Должно быть, здорово нравилась ему наша Марика!

Путешествие мое на пароходе от Нижнего до Вольска по разлившейся Волге было красиво и приятно. Из окрестных лесов ветер доносил запах ландышей. Дышалось легко и радостно.

К счастью, в Вольске я нашла старую знакомую и из грязных меблирашек „Южный полюс" перебралась к ней в чистый, заставленный цветами уютный домик. „Город обветшал, обтрепался, а сколько умерло, не сосчитать," – пишу я Тате Ляминой в Елатьму.

Переписываю целиком сердитое письмо-телеграмму, присланную мне в Вольск

М.А. 16 июня.

„Полтораста рублей перевел телеграфом, намучившись на телеграфе вследствие чудовищного адреса двойная нумерация поразительна – это двойной номер дома или первый номер дома второй квартиры прелестнее всего загадочное слово румянцева мужчина или женщина дом румянцева или квартира румянцевой или не дом и не квартира а просто лицо которое должно фигурировать денежном адресе выбрасываю это слово безжалостно все целуем подтверди получение денег и пришли сколько нибудь осмысленный адрес Мака."

Вторая телеграмма, посланная из Москвы двумя днями позже, более милостива:

„Домашние тоже соскучились рады что поиски успешны целуют пенаты".

„Пенаты" – это весь комплекс домашней жизни. В первой телеграмме, видно, принимал участие Рогаш, о котором я писала и чей портрет приложила.

Самые ответственные моменты зачастую отражаются в шутливых записках М.А.

Когда гражданская смерть, т.е. полное изничтожение писателя Булгакова стало невыносимым, он решил обратиться к правительству, вернее, к Сталину. Передо мной две записки.

„Не уны… Я бу боро…" – стояло в одной. И в другой: „Папа придумал! И решился"…

По Москве сейчас ходит якобы копия письма М.А. к правительству. Спешу оговориться, что это „эссе" на шести страницах не имеет ничего общего с подлинником. Я никак не могу сообразить, кому выгодно пустить в обращение этот „опус". Начать с того, что подлинное письмо, во-первых, было коротким. Во-вторых, – за границу он не просился. В-третьих, – в письме не было никаких выспренних выражений, никаких философских обобщений. Основная мысль булгаковского письма была очень проста.

„Дайте писателю возможность писать. Объявив ему гражданскую смерть, вы толкаете его на самую крайнюю меру."

Вспомним хронику событий:

в 1925 году кончил самоубийством поэт Сергей Есенин;

в 1926 году – писатель Андрей Соболь;

в апреле 1930 года, когда обращение Булгакова, посланное в конце марта, было уже в руках Сталина, застрелился Владимир Маяковский. Ведь не хорошо получилось бы, если бы в том же году наложил на себя руки Михаил Булгаков?
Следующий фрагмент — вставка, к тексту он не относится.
(* Let $k$ be an algebraically closed field of characteristic $0$, let $d\ge 3$ and $n\ge 2$ be integers, and let $(V_n,\Theta_d)$ be the $d$-linear space over $k$ with basis $v_1,\dots,v_n$ of $V_n$ and $\Theta_d(v_{i_1},\dots,v_{i_d})=1$ if $i_1+\dots+i_d=(d-1)n+1$ and $=0$ otherwise. Let $\mathcal{O}(\Theta_d)$ be its orthogonal group, $\mathrm{Cent}_k(\Theta_d)$ its center, $\mathbf{G}$ the group of $k$-algebra automorphisms of $\mathrm{Cent}_k(\Theta_d)$, and $\chi:\mathcal{O}(\Theta_d)\to\mathbf{G}$ the homomorphism $\chi(\sigma)(f)=\sigma f\sigma^{-1}$. Let $\mu_d=\{\zeta\in k:\zeta^d=1\}$, identified with the subgroup $\{\zeta\,\mathrm{id}_{V_n}\}$ of $\mathcal{O}(\Theta_d)$. Then $$1\longrightarrow\mu_d\longrightarrow\mathcal{O}(\Theta_d)\xrightarrow{\ \chi\ }\mathbf{G}\longrightarrow 1$$ is a short exact sequence of groups.
   Context: A $d$-linear space over $k$ is a pair $(V,\Theta)$ with $V$ a finite-dimensional $k$-vector space and $\Theta:V^d\to k$ a symmetric $d$-linear form. Its center is $\mathrm{Cent}_k(\Theta)=\{f\in\mathrm{End}_k(V):\Theta(f(u_1),u_2,\dots,u_d)=\Theta(u_1,f(u_2),\dots,u_d)\ \forall u_i\in V\}$, a commutative subalgebra of $\mathrm{End}_k(V)$. The orthogonal group is $\mathcal{O}(\Theta)=\{\sigma\in GL_k(V):\Theta(\sigma u_1,\dots,\sigma u_d)=\Theta(u_1,\dots,u_d)\ \forall u_i\}$; conjugation by elements of $\mathcal{O}(\Theta)$ preserves $\mathrm{Cent}_k(\Theta)$. The linear map $\psi(v_i)=v_{i-1}$ (with $v_0=0$) lies in $\mathrm{Cent}_k(\Theta_d)$. *)

theory Defs
  imports "HOL-Computational_Algebra.Polynomial" "HOL-Algebra.Coset"
    "Jordan_Normal_Form.Matrix"
begin

text \<open>The basis vector v_i (1 \<le> i \<le> n) is
  the 0-based unit vector with index i - 1, so the condition
  i_1 + ... + i_d = (d-1) n + 1 on 1-based indices is written with a shift by 1.
  The d arguments are given as a function u with u 0, ..., u (d-1) the arguments.\<close>
definition theta :: "nat \<Rightarrow> nat \<Rightarrow> (nat \<Rightarrow> 'k::field vec) \<Rightarrow> 'k" where
  "theta d n u =
     (\<Sum>i \<in> {i \<in> PiE {..<d} (\<lambda>_. {..<n}). (\<Sum>j<d. i j + 1) = (d - 1) * n + 1}.
        \<Prod>j<d. u j $ i j)"

definition args :: "nat \<Rightarrow> nat \<Rightarrow> (nat \<Rightarrow> 'k::field vec) set" where
  "args d n = {u. \<forall>j<d. u j \<in> carrier_vec n}"

definition cent :: "nat \<Rightarrow> nat \<Rightarrow> 'k::field mat set" where
  "cent d n = {f \<in> carrier_mat n n. \<forall>u \<in> args d n.
      theta d n (u(0 := f *\<^sub>v u 0)) = theta d n (u(1 := f *\<^sub>v u 1))}"

definition orth :: "nat \<Rightarrow> nat \<Rightarrow> 'k::field mat set" where
  "orth d n = {\<sigma> \<in> carrier_mat n n. invertible_mat \<sigma> \<and>
      (\<forall>u \<in> args d n. theta d n (\<lambda>j. \<sigma> *\<^sub>v u j) = theta d n u)}"

definition O_grp :: "nat \<Rightarrow> nat \<Rightarrow> 'k::field mat monoid" where
  "O_grp d n = \<lparr>carrier = orth d n, mult = (*), one = 1\<^sub>m n\<rparr>"

definition algaut :: "nat \<Rightarrow> nat \<Rightarrow> ('k::field mat \<Rightarrow> 'k mat) set" where
  "algaut d n = {\<phi>. \<phi> \<in> extensional (cent d n) \<and> bij_betw \<phi> (cent d n) (cent d n) \<and>
      (\<forall>f \<in> cent d n. \<forall>g \<in> cent d n. \<phi> (f + g) = \<phi> f + \<phi> g \<and> \<phi> (f * g) = \<phi> f * \<phi> g) \<and>
      (\<forall>c. \<forall>f \<in> cent d n. \<phi> (c \<cdot>\<^sub>m f) = c \<cdot>\<^sub>m \<phi> f) \<and>
      \<phi> (1\<^sub>m n) = 1\<^sub>m n}"

definition G_grp :: "nat \<Rightarrow> nat \<Rightarrow> ('k::field mat \<Rightarrow> 'k mat) monoid" where
  "G_grp d n = \<lparr>carrier = algaut d n,
                 mult = (\<lambda>\<phi> \<psi>. restrict (\<phi> \<circ> \<psi>) (cent d n)),
                 one = restrict id (cent d n)\<rparr>"

definition mu_grp :: "nat \<Rightarrow> 'k::field monoid" where
  "mu_grp d = \<lparr>carrier = {\<zeta>. \<zeta> ^ d = 1}, mult = (*), one = 1\<rparr>"

definition iota :: "nat \<Rightarrow> 'k::field \<Rightarrow> 'k mat" where
  "iota n \<zeta> = \<zeta> \<cdot>\<^sub>m 1\<^sub>m n"

definition chi :: "nat \<Rightarrow> nat \<Rightarrow> 'k::field mat \<Rightarrow> ('k mat \<Rightarrow> 'k mat)" where
  "chi d n \<sigma> = restrict (\<lambda>f. \<sigma> * f * inv\<^bsub>O_grp d n\<^esub> \<sigma>) (cent d n)"

end

theory Submission
  imports Defs "HOL-Computational_Algebra.Formal_Power_Series" "HOL-Algebra.Bij"
begin

text \<open>Identify \<open>V\<^sub>n\<close> with \<open>k[X]/(X\<^sup>n)\<close> via \<open>v\<^sub>i \<mapsto> X\<^sup>n\<^sup>-\<^sup>i\<close>. Then \<open>\<Theta>\<^sub>d(u\<^sub>1, \<dots>, u\<^sub>d)\<close> is the
  coefficient of \<open>X\<^sup>n\<^sup>-\<^sup>1\<close> in the product \<open>u\<^sub>1 \<cdots> u\<^sub>d\<close>, so multiplication operators lie in the
  centre; for \<open>d \<ge> 3\<close> they exhaust it, since a third argument is free to test against. Thus
  \<open>Cent(\<Theta>\<^sub>d) \<cong> k[X]/(X\<^sup>n)\<close>.

  An element of the kernel of \<open>\<chi>\<close> commutes with all multiplications, hence is multiplication
  by some \<open>w\<close>; invariance of \<open>\<Theta>\<^sub>d\<close> gives \<open>w\<^sup>d = 1\<close>, which in characteristic \<open>0\<close> forces \<open>w\<close> to be a
  constant \<open>d\<close>-th root of unity.

  Every algebra automorphism of \<open>k[X]/(X\<^sup>n)\<close> is a substitution \<open>b \<mapsto> b \<circ> g\<close> with \<open>g(0) = 0\<close>,
  \<open>g'(0) \<noteq> 0\<close>. With \<open>h\<close> the compositional inverse of \<open>g\<close>, let \<open>U\<close> represent the linear form
  \<open>c \<mapsto> [X\<^sup>n\<^sup>-\<^sup>1](c \<circ> h)\<close> and choose \<open>w\<close> with \<open>w\<^sup>d = U\<close> (here \<open>k\<close> is algebraically closed). The
  operator \<open>b \<mapsto> w \<cdot> (b \<circ> g)\<close> then preserves \<open>\<Theta>\<^sub>d\<close> and conjugates multiplication by \<open>a\<close> into
  multiplication by \<open>a \<circ> g\<close>, so \<open>\<chi>\<close> is onto.\<close>

section \<open>Truncated power series as a model of \<open>V\<^sub>n\<close>\<close>

definition fps_eq_below :: "nat \<Rightarrow> 'a::zero fps \<Rightarrow> 'a fps \<Rightarrow> bool" where
  "fps_eq_below n a b \<longleftrightarrow> (\<forall>e<n. fps_nth a e = fps_nth b e)"

lemma fps_eq_below_refl [simp]: "fps_eq_below n a a"
  by (simp add: fps_eq_below_def)

lemma fps_eq_below_nth: "fps_eq_below n a b \<Longrightarrow> e < n \<Longrightarrow> fps_nth a e = fps_nth b e"
  by (simp add: fps_eq_below_def)

lemma fps_eq_below_sym: "fps_eq_below n a b \<Longrightarrow> fps_eq_below n b a"
  by (simp add: fps_eq_below_def)

lemma fps_eq_below_trans [trans]: "fps_eq_below n a b \<Longrightarrow> fps_eq_below n b c \<Longrightarrow> fps_eq_below n a c"
  by (simp add: fps_eq_below_def)

lemma fps_eq_below_add:
  "fps_eq_below n a a' \<Longrightarrow> fps_eq_below n b b' \<Longrightarrow> fps_eq_below n (a + b) (a' + b')"
  by (simp add: fps_eq_below_def)

lemma fps_eq_below_mult:
  fixes a :: "'a::comm_semiring_1 fps"
  shows "fps_eq_below n a a' \<Longrightarrow> fps_eq_below n b b' \<Longrightarrow> fps_eq_below n (a * b) (a' * b')"
  unfolding fps_eq_below_def fps_mult_nth by (auto intro!: sum.cong)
Вообще восстановлению истины и прекращению появления подобных „эссе" очень помог бы архив Сталина, который, я уверена, сохранился в полном порядке.

„Письмо", ныне ходящее по рукам, – это довольно развязная компиляция истины и вымысла, наглядный пример недопустимого смешения исторической правды. Можно ли представить себе, что умный человек, долго обдумывающий свой шаг, обращаясь к „грозному духу", говорит следующее:

„Обо мне писали как о „литературном уборщике", подбирающем объедки после того, как „наблевала дюжина гостей"."

Нужно быть ненормальным, чтобы процитировать такое в обращении к правительству, а М.А. был вполне нормален, умен и хорошо воспитан… Однажды, совершенно неожиданно, раздался телефонный звонок. Звонил из Центрального Комитета партии секретарь Сталина Товстуха. К телефону подошла я и позвала М.А., а сама занялась домашними делами. М.А. взял трубку и вскоре так громко и нервно крикнул „Любаша!", что я опрометью бросилась к телефону (у нас были отводные от аппарата наушники).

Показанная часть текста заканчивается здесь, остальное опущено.